A badly built RAG is the fastest way to leak data that should never get out. The classic pattern: you index "all the documentation", a user asks something innocent and the system hands back a chunk of a document that person should never have access to. It isn't an exotic bug — it's the default architecture of almost every demo RAG.
Permissions before embeddings
Access control isn't a filter you bolt on at the end: it lives in the retrieval layer. Before the model sees anything, the system has already restricted which chunks this specific user can retrieve. Identity rules; the embedding comes after.
Partition the index by permission
We don't dump everything into a single index and pray. We segment by access level and attach permission metadata to every chunk, so a query can only touch what belongs to whoever's asking.
- Identity filtering at retrieval, not at the answer.

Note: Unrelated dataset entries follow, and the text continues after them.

lemma connecting_family_exists:
  assumes m1: "1 \<le> m"
  shows "\<exists>Ps. connecting_family m Ps"
proof -
  define Bad where "Bad = {(S, W). S \<subseteq> {..<7 * m} \<and> W \<subseteq> {..<7 * m} \<and>
                                    card S \<in> {m..5 * m + 1} \<and> card W = card S + m - 1}"
  have finB: "finite Bad"
    by (rule finite_subset[of _ "Pow {..<7 * m} \<times> Pow {..<7 * m}"]) (auto simp: Bad_def)
  have "(\<Sum>(S, W)\<in>Bad. (real (ffact (card W) (card S))
           / real (ffact (card {..<7 * m}) (card S))) ^ 80)
      = (\<Sum>s\<in>{m..5 * m + 1} \<inter> {..card {..<7 * m}}. real (card {..<7 * m} choose s)
           * real (card {..<7 * m} choose (s + m - 1)) *
           (real (ffact (s + m - 1) s) / real (ffact (card {..<7 * m}) s)) ^ 80)"
    unfolding Bad_def
    by (rule sum_pairs_by_card[where g = "\<lambda>s. s + m - 1"
          and h = "\<lambda>s w. (real (ffact w s) / real (ffact (card {..<7 * m}) s)) ^ 80"]) simp_all
  also have "\<dots> = (\<Sum>s\<in>{m..5 * m + 1}. real (7 * m choose s) * real (7 * m choose (s + m - 1)) *
           (real (ffact (s + m - 1) s) / real (ffact (7 * m) s)) ^ 80)"
    using m1 by (intro sum.cong) auto
  also have "\<dots> \<le> (\<Sum>s\<in>{m..5 * m + 1}. (1 / 8) ^ m)"
    using m1 by (intro sum_mono connection_term_le) auto
  also have "\<dots> = real (4 * m + 2) * (1 / 8) ^ m" by simp
  also have "\<dots> < 1" by (rule linear_times_power_eighth_less_1[OF m1])
  finally have "\<exists>Ps. length Ps = 80 \<and> set Ps \<subseteq> inj_lists (7 * m) {..<7 * m} \<and>
                 (\<forall>(S, W)\<in>Bad. \<exists>p\<in>set Ps. \<exists>i\<in>S. p ! i \<notin> W)"
    by (intro exists_family_avoiding finB) (auto simp: Bad_def)
  then obtain Ps where Ps: "length Ps = 80" "set Ps \<subseteq> inj_lists (7 * m) {..<7 * m}"
    and avoid: "\<forall>(S, W)\<in>Bad. \<exists>p\<in>set Ps. \<exists>i\<in>S. p ! i \<notin> W"
    by blast
  have "\<exists>p\<in>set Ps. \<exists>i\<in>S. p ! i \<in> J"
    if "S \<subseteq> {..<7 * m}" "J \<subseteq> {..<7 * m}" "m \<le> card S" "m \<le> card J"
      "6 * m + 1 \<le> card S + card J" for S J
    using avoid that by (intro connects_if_avoids[OF Ps(2)]) (auto simp: Bad_def)
  with Ps show ?thesis unfolding connecting_family_def by blast
qed

section \<open>Hall's theorem\<close>

lemma hall_condition_Diff_tight:
  fixes R :: "'a \<Rightarrow> 'b set"
  assumes finA: "finite A" and finR: "\<forall>a\<in>A. finite (R a)"
    and hall: "\<forall>S\<subseteq>A. card S \<le> card (\<Union>(R ` S))"
    and S: "S \<subseteq> A" and tight: "card (\<Union>(R ` S)) = card S"
  shows "\<forall>T\<subseteq>A - S. card T \<le> card (\<Union>((\<lambda>a. R a - \<Union>(R ` S)) ` T))"
proof (intro allI impI)
  fix T assume T: "T \<subseteq> A - S"
  have finS: "finite S" and finT: "finite T" using S T finA finite_subset by blast+
  have fin: "finite (\<Union>(R ` U))" if "U \<subseteq> A" "finite U" for U
    using that finR by blast
  have "card T + card S = card (T \<union> S)"
    using T finS finT by (subst card_Un_disjoint) auto
  also have "\<dots> \<le> card (\<Union>(R ` (T \<union> S)))"
    using hall T S by (metis Diff_subset Un_subset_iff order_trans)
  also have "\<Union>(R ` (T \<union> S)) = \<Union>((\<lambda>a. R a - \<Union>(R ` S)) ` T) \<union> \<Union>(R ` S)" by auto
  also have "card \<dots> = card (\<Union>((\<lambda>a. R a - \<Union>(R ` S)) ` T)) + card S"
    using fin[of T] fin[OF S finS] T finT tight by (subst card_Un_disjoint) auto
  finally show "card T \<le> card (\<Union>((\<lambda>a. R a - \<Union>(R ` S)) ` T))" by simp
qed
(* Fix a $C^0$-concept over $\mathbb{K}$. Let $E,F\in\mathcal{M}$, $U\subseteq E$ open, $k\ge2$, $f\colon U\to F$ of class $C^k$, and let $f(x+th)=\sum_{j=0}^kt^ja_j(x,h)+t^kR_{k+1}(x,h,t)$ ($(x,h,t)\in U^{[1]}$) be the unique expansion with $a_j\colon U\times E\to F$ of class $C^{k-j}$ and $R_{k+1}\colon U^{[1]}\to F$ of class $C^0$ with $R_{k+1}(x,h,0)=0$. Then $a_0(x,h)=f(x)$ is constant in $h$, $a_1(x,h)=df(x)h$ is linear in $h$, and $a_2(x,\cdot)$ is an $F$-valued quadratic form with $$a_2(x,h_1+h_2)-a_2(x,h_1)-a_2(x,h_2)=d^2f(x)(h_1,h_2);$$ in particular $2a_2(x,h)=d^2f(x)(h,h)$.
   Context: Let $\mathbb{K}$ be a commutative ring with unit carrying a topology. A $C^0$-concept over $\mathbb{K}$ consists of: (a) a class $\mathcal{M}$ of topologized $\mathbb{K}$-modules with $\mathbb{K}\in\mathcal{M}$; (b) for $E,F\in\mathcal{M}$ and open $U\subseteq E$, a set $C^0(U,F)$ of continuous maps; (c) for $E_1,E_2\in\mathcal{M}$ a topology on $E_1\times E_2$ (not necessarily the product topology) making it a member of $\mathcal{M}$; subject to: (I.1) composites of $C^0$-maps are $C^0$, identities and inclusions of open subsets are $C^0$; (I.2) $x\mapsto rx+b$ is $C^0$; (I.3) $t\mapsto tv+x$ is $C^0$; (I.4) $\mathbb{K}^\times$ is open and inversion is $C^0$; (I.5) $C^0$ is local on open covers; (II.1) projections and $v\mapsto(v,y)$, $w\mapsto(x,w)$ are $C^0$; (II.2) $f_1\times f_2$ is $C^0$ for $C^0$-maps $f_i$; (II.3) diagonals are $C^0$; (II.4) exchange/associativity maps of products are $C^0$ both ways; (II.5) addition and scalar multiplication are $C^0$; (III) a $C^0$-map on open $U\subseteq\mathbb{K}$ is determined by its values on $U\cap\mathbb{K}^\times$. For open $V\subseteq X$, $V^{[1]}=\{(x,v,t)\in V\times X\times\mathbb{K}:x+tv\in V\}$; a $C^0$-map $g$ is $C^1$ if there is a $C^0$-map $g^{[1]}$ on $V^{[1]}$ with $g(x+tv)-g(x)=t\,g^{[1]}(x,v,t)$, and $dg(x)v:=g^{[1]}(x,v,0)=:\partial_vg(x)$; recursively $g$ is $C^{k+1}$ if $C^k$ and $g^{[k]}$ is $C^1$, $g^{[k+1]}=(g^{[k]})^{[1]}$. For $f$ of class $C^2$, $d^2f(x)(v,w):=\partial_v\partial_wf(x)$. An $F$-valued quadratic form is a map $q\colon E\to F$ with $q(th)=t^2q(h)$ for all $t\in\mathbb{K}$ and $q(h_1+h_2)-q(h_1)-q(h_2)$ $\mathbb{K}$-bilinear in $(h_1,h_2)$. *)

theory Defs
  imports "HOL-Analysis.Analysis"
begin

datatype ('k, 'a) val = Sc (unSc: 'k) | At 'a | Pr (vfst: "('k, 'a) val") (vsnd: "('k, 'a) val")

record ('k, 'a) tmod =
  mcar   :: "('k, 'a) val set"
  mzero  :: "('k, 'a) val"
  madd   :: "('k, 'a) val \<Rightarrow> ('k, 'a) val \<Rightarrow> ('k, 'a) val"
  msmul  :: "'k \<Rightarrow> ('k, 'a) val \<Rightarrow> ('k, 'a) val"
  mtop   :: "('k, 'a) val topology"

definition msub :: "('k::comm_ring_1, 'a) tmod \<Rightarrow> ('k, 'a) val \<Rightarrow> ('k, 'a) val \<Rightarrow> ('k, 'a) val" where
  "msub E x y = madd E x (msmul E (-1) y)"

definition is_tmod :: "('k::comm_ring_1, 'a) tmod \<Rightarrow> bool" where
  "is_tmod E \<longleftrightarrow>
     topspace (mtop E) = mcar E \<and>
     mzero E \<in> mcar E \<and>
     (\<forall>x\<in>mcar E. \<forall>y\<in>mcar E. madd E x y \<in> mcar E) \<and>
     (\<forall>r. \<forall>x\<in>mcar E. msmul E r x \<in> mcar E) \<and>
     (\<forall>x\<in>mcar E. \<forall>y\<in>mcar E. \<forall>z\<in>mcar E. madd E (madd E x y) z = madd E x (madd E y z)) \<and>
     (\<forall>x\<in>mcar E. \<forall>y\<in>mcar E. madd E x y = madd E y x) \<and>
     (\<forall>x\<in>mcar E. madd E (mzero E) x = x) \<and>
     (\<forall>x\<in>mcar E. \<exists>y\<in>mcar E. madd E x y = mzero E) \<and>
     (\<forall>r. \<forall>x\<in>mcar E. \<forall>y\<in>mcar E. msmul E r (madd E x y) = madd E (msmul E r x) (msmul E r y)) \<and>
     (\<forall>r s. \<forall>x\<in>mcar E. msmul E (r + s) x = madd E (msmul E r x) (msmul E s x)) \<and>
     (\<forall>r s. \<forall>x\<in>mcar E. msmul E (r * s) x = msmul E r (msmul E s x)) \<and>
     (\<forall>x\<in>mcar E. msmul E 1 x = x)"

- Indexes or partitions segmented by access level.
- Permission metadata on every indexed chunk.
- Query audit: who asked what and what got returned.
Citation or it's useless
Every answer links its source. No citation, no trust and no traceability: the user can't verify, and you can't audit. In enterprise, an answer without a source is an answer you can't defend.
What we measure
- Retrieval precision (does it bring back what matters?).
- Access leaks: the target is zero, and it gets audited.
- Citation coverage: % of answers with a verifiable source.
- Pipeline uptime and latency.
This is what a Senior AI Infrastructure Implementer does: not "hook up a RAG", but ship a knowledge system that scales, cites and respects permissions — because in enterprise a leaked data point isn't a technical incident, it's a crisis.